Aranguibel con Fernando del Rincón

Caracas 15 de marzo/2014.- En marzo de 2013 el analista político Alberto Aranguibel denunció en CNN la práctica distorsionadora de la realidad venezolana por parte de las grandes corporaciones mediáticas, entre ellas la propia CNN, en un programa especial de Conclusiones con el periodista Fernando del Rincón, en el que afirmaba que “lo único inconstitucional hoy en día en Venezuela es la oposición“. Luego de transcurrido todo un año de intenso debate nacional que incluyó dos importantes elecciones; una presidencial y una municipal, ganadas en forma incuestionable por los sectores afectos a la revolución bolivariana, ambas afirmaciones, la manipulación mediática y la inconstitucionalidad de la oposición, se han cumplido con total exactitud en la actual coyuntura política.

A un mes del inicio de fuertes protestas en contra del presidente Nicolás Maduro por parte de grupos violentos que han arremetido contra bienes públicos y privados de manera indiscriminada exigiendo la renuncia del gobierno constitucional, lo que ha ocasionado muertos y heridos principalmente entre efectivos de la Guardia Nacional Bolivariana y de la población civil que se han visto atrapados en las refriegas callejeras, medios de comunicación privados nacionales e internacionales las presentan como una brutal ola de represión contra “estudiantes pacíficos” por parte del Gobierno.

Frente a dichas acciones violentas, promovidas por connotados dirigentes de la ultraderecha nacional como Leopoldo López, María Corina Machado y Antonio Ledezma, la oposición venezolana ha mantenido un silencio ominoso que a todas luces favorece el desacato por parte de esos grupos vandálicos a la Constitución y las Leyes nacionales que prohiben la violación de los derechos de la ciudadanía al libre tránsito y a la tranquilidad en sus comunidades, así como el desconocimiento de la legitimidad del gobierno democráticamente electo. Silencio que adquiere visos de complicidad en los casos de aquellos alcaldes opositores que se niegan a ordenar a sus policías imponer el orden, o que colaboran abiertamente con el vandalismo desatado por esos grupos anárquicos en sus respectivos municipios.

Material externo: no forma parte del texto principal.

inductive_set theta_ideal ::
  "('k::field \<Rightarrow> 'v::ab_group_add \<Rightarrow> 'v) \<Rightarrow> ('v \<Rightarrow> 'v \<Rightarrow> 'k) \<Rightarrow> 'k \<Rightarrow> ('v list \<Rightarrow> 'k) set"
  for sc :: "'k::field \<Rightarrow> 'v::ab_group_add \<Rightarrow> 'v" and \<Theta> :: "'v \<Rightarrow> 'v \<Rightarrow> 'k" and lam :: 'k
where
  lin_add: "fa_diff (fa_letter (v + w)) (fa_add (fa_letter v) (fa_letter w)) \<in> theta_ideal sc \<Theta> lam"
| lin_smul: "fa_diff (fa_letter (sc c v)) (fa_smul c (fa_letter v)) \<in> theta_ideal sc \<Theta> lam"
| rel: "fa_diff (fa_comm (fa_letter v) (fa_letter w)) (fa_smul (lam * \<Theta> v w) fa_one)
          \<in> theta_ideal sc \<Theta> lam"
| zero: "fa_zero \<in> theta_ideal sc \<Theta> lam"
| add: "f \<in> theta_ideal sc \<Theta> lam \<Longrightarrow> g \<in> theta_ideal sc \<Theta> lam \<Longrightarrow> fa_add f g \<in> theta_ideal sc \<Theta> lam"
| smul: "f \<in> theta_ideal sc \<Theta> lam \<Longrightarrow> fa_smul c f \<in> theta_ideal sc \<Theta> lam"
| lmult: "f \<in> theta_ideal sc \<Theta> lam \<Longrightarrow> fa_fin g \<Longrightarrow> fa_mult g f \<in> theta_ideal sc \<Theta> lam"
| rmult: "f \<in> theta_ideal sc \<Theta> lam \<Longrightarrow> fa_fin g \<Longrightarrow> fa_mult f g \<in> theta_ideal sc \<Theta> lam"

definition theta_eq ::
  "('k::field \<Rightarrow> 'v::ab_group_add \<Rightarrow> 'v) \<Rightarrow> ('v \<Rightarrow> 'v \<Rightarrow> 'k) \<Rightarrow> 'k \<Rightarrow> ('v list \<Rightarrow> 'k) \<Rightarrow> ('v list \<Rightarrow> 'k) \<Rightarrow> bool"
  where "theta_eq sc \<Theta> lam f g \<longleftrightarrow> fa_diff f g \<in> theta_ideal sc \<Theta> lam"

end

theory Submission
  imports Defs
begin

text \<open>Put \<open>w = e\<close> in the defining identity: \<open>2 B(v,z) = \<lambda>\<^sup>-\<^sup>1 [B(v,z), e]\<close>. In \<open>A\<^sub>\<Theta>\<close> the map
  \<open>f \<mapsto> [f, e]\<close> lowers the degree, because \<open>[x\<^sub>1\<cdots>x\<^sub>n, e]\<close> is a sum of terms in which one letter
  \<open>x\<^sub>i\<close> is replaced by the scalar \<open>[x\<^sub>i, e] = \<lambda>\<Theta>(x\<^sub>i, e)\<close>. Hence it is nilpotent on every element,
  and iterating the identity gives \<open>B(v,z) = (2\<lambda>)\<^sup>-\<^sup>n [\<dots>[B(v,z), e]\<dots>, e] = 0\<close> for large \<open>n\<close>.\<close>

lemmas fa_pointwise_defs = fa_add_def fa_diff_def fa_smul_def fa_zero_def

lemma fa_mult_one_left: "fa_mult fa_one g = g"
proof
  fix w
  have "(\<Sum>i\<le>length w. fa_one (take i w) * g (drop i w)) =
      (\<Sum>i\<in>{0}. fa_one (take i w) * g (drop i w))"
    by (rule sum.mono_neutral_right) (auto simp: fa_one_def)
  then show "fa_mult fa_one g w = g w" by (simp add: fa_mult_def fa_one_def)
qed

lemma fa_mult_one_right: "fa_mult g fa_one = g"
proof
  fix w
  have "(\<Sum>i\<le>length w. g (take i w) * fa_one (drop i w)) =
      (\<Sum>i\<in>{length w}. g (take i w) * fa_one (drop i w))"
    by (rule sum.mono_neutral_right) (auto simp: fa_one_def)
  then show "fa_mult g fa_one w = g w" by (simp add: fa_mult_def fa_one_def)
qed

De la misma forma, Aranguibel señala en esa entrevista que “contrario a lo que dicen los medios privados, los únicos conflictos que hay son los que genera la propia oposición, porque tal como lo dijo siempre Chávez el único camino a la paz en Venezuela es la Revolución.”

Golpe en apuros

papel toale
Después de cien días de intento golpista por parte de la derecha nacional e internacional, apoyada a fondo por las corporaciones criollas y transnacionales que se han incorporado al delirante proyecto como nunca antes en lo que va de revolución bolivariana, así como por las cadenas y canales de televisión, de radio y de prensa escrita de naturaleza profundamente reaccionaria, cuyo mayor esfuerzo desestabilizador se ha profundizado durante este último periodo como no se ha conocido antes en la comunicación de masas, las perspectivas parecen ser cada vez más alentadoras para las fuerzas del chavismo y cada vez más patéticas para la famélica oposición venezolana.

Esconden el aceite, la leche, los huevos y la harina de maíz precocida, y el país no solo no se detiene sino que sigue adelante con el mismo entusiasmo que pidiera en su última hora el Comandante Supremo, por lo cual deciden avanzar en el sabotaje, ya no sólo alimentario sino higiénico, escondiendo durante semanas el papel tualé. Pero la gente sigue comprando pasajes como en ninguna otra parte del mundo para viajar al exterior, no sin antes adquirir cuanto carro de último modelo salga al mercado y abarrotar diariamente los restaurantes de lujo libando aguardientes de los más altos precios, así como agotando absolutamente todo artículo novedoso en las decenas de nuevos centros comerciales que inundan el país de extremo a extremo y comprando sin ningún resquemor a cada rato entradas para ver artistas nacionales e internacionales por miles de bolívares por apenas una o dos horas de espectáculo.

Nada se agota por falta de dinero, sino por exceso de compras. La reposición de las mercancías en los anaqueles reduce sus lapsos entre una y otra, alcanzando niveles jamás calculados por la ciencia mercadotécnica, con reposiciones permanentes de esos productos, o a lo sumo cada dos o tres días en la mayoría de los supermercados, y el problema más angustiante termina siendo por lo general que no hay ni en el más grande establecimiento suficientes cajeros para atender a tantos compradores.

Capriles sigue haciendo el ridículo reuniéndose con vetustos carcamanes del más putrefacto fascismo continental y la revolución sigue conteniendo robusta los intentos delirantes del arrechito caprichoso… como si nada.